Content starts

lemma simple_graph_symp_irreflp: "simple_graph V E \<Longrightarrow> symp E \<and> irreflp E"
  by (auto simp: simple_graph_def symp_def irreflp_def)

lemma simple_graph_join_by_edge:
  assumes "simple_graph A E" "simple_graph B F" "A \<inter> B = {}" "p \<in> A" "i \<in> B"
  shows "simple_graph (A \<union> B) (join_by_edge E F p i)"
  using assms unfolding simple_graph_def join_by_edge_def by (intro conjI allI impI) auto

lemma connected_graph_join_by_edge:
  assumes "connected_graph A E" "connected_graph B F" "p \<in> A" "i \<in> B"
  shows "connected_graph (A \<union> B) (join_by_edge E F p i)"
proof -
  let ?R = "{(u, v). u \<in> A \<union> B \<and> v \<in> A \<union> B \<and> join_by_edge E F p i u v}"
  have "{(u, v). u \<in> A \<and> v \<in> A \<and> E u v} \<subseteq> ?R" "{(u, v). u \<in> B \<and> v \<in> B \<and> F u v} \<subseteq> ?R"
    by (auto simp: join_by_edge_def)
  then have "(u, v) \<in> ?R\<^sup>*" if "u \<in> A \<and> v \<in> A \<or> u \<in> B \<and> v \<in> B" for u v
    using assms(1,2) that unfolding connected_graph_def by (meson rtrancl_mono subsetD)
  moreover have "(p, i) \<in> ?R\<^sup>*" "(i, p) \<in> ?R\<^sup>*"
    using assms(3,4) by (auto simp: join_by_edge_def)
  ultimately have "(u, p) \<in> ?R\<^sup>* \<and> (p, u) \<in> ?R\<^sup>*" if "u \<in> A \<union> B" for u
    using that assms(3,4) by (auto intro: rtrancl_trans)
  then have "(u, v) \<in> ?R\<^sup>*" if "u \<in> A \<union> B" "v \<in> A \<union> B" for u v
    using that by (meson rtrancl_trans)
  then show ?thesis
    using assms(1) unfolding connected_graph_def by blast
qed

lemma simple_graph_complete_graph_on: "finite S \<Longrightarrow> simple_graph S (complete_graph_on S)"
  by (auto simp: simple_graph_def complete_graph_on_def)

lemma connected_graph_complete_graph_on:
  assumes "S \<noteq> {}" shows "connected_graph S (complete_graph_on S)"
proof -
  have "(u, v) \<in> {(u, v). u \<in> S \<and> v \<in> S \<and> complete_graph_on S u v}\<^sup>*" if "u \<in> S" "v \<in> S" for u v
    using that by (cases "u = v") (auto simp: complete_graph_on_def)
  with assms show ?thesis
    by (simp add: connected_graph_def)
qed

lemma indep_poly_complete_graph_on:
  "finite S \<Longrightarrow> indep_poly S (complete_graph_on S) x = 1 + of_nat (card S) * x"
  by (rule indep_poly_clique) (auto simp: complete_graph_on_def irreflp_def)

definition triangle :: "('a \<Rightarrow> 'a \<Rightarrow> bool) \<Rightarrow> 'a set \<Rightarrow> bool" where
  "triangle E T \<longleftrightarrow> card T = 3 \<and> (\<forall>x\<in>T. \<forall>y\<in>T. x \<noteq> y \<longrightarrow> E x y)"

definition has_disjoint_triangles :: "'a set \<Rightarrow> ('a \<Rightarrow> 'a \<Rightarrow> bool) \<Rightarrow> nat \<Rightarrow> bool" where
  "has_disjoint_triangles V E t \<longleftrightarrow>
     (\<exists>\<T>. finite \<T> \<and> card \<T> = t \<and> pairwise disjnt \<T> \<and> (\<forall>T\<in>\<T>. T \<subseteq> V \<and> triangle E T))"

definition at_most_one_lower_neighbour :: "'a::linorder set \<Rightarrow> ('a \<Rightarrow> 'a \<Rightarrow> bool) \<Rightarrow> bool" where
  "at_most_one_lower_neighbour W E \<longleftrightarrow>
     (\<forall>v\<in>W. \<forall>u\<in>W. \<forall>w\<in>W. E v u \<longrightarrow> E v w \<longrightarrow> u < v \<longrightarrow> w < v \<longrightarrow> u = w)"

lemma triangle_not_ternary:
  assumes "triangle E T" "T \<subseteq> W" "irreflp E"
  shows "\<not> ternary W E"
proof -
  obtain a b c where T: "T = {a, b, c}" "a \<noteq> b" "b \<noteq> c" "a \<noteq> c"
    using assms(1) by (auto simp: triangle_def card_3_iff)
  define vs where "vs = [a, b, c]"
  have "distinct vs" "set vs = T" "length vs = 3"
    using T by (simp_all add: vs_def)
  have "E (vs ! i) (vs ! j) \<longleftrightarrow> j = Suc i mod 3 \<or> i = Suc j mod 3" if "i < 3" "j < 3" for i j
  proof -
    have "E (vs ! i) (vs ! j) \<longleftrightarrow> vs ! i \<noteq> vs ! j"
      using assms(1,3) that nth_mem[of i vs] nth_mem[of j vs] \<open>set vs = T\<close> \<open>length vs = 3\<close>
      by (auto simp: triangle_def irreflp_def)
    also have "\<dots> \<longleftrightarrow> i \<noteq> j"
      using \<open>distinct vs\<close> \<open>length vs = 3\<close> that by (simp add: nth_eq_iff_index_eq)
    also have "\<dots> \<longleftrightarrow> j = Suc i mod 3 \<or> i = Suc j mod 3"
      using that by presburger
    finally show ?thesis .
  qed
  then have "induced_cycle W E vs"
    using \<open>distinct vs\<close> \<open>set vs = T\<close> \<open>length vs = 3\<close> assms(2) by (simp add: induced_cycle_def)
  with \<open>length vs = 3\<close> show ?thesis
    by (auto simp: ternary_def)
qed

Content ends

**PROBLEM TO WORK ON**
Look above for the line containing "then show ?thesis". Output from there through the line containing "(\<exists>\<T>. finite \<T>", exactly and inclusively.

**SOLUTION TO THE PROBLEM**
  then show ?thesis
    using assms(1) unfolding connected_graph_def by blast
qed

lemma simple_graph_complete_graph_on: "finite S \<Longrightarrow> simple_graph S (complete_graph_on S)"
  by (auto simp: simple_graph_def complete_graph_on_def)

lemma connected_graph_complete_graph_on:
  assumes "S \<noteq> {}" shows "connected_graph S (complete_graph_on S)"
proof -
  have "(u, v) \<in> {(u, v). u \<in> S \<and> v \<in> S \<and> complete_graph_on S u v}\<^sup>*" if "u \<in> S" "v \<in> S" for u v
    using that by (cases "u = v") (auto simp: complete_graph_on_def)
  with assms show ?thesis
    by (simp add: connected_graph_def)
qed

lemma indep_poly_complete_graph_on:
  "finite S \<Longrightarrow> indep_poly S (complete_graph_on S) x = 1 + of_nat (card S) * x"
  by (rule indep_poly_clique) (auto simp: complete_graph_on_def irreflp_def)

definition triangle :: "('a \<Rightarrow> 'a \<Rightarrow> bool) \<Rightarrow> 'a set \<Rightarrow> bool" where
  "triangle E T \<longleftrightarrow> card T = 3 \<and> (\<forall>x\<in>T. \<forall>y\<in>T. x \<noteq> y \<longrightarrow> E x y)"

definition has_disjoint_triangles :: "'a set \<Rightarrow> ('a \<Rightarrow> 'a \<Rightarrow> bool) \<Rightarrow> nat \<Rightarrow> bool" where
  "has_disjoint_triangles V E t \<longleftrightarrow>
     (\<exists>\<T>. finite \<T> \<and> card \<T> = t \<and> pairwise disjnt \<T> \<and> (\<forall>T\<in>\<T>. T \<subseteq> V \<and> triangle E T))"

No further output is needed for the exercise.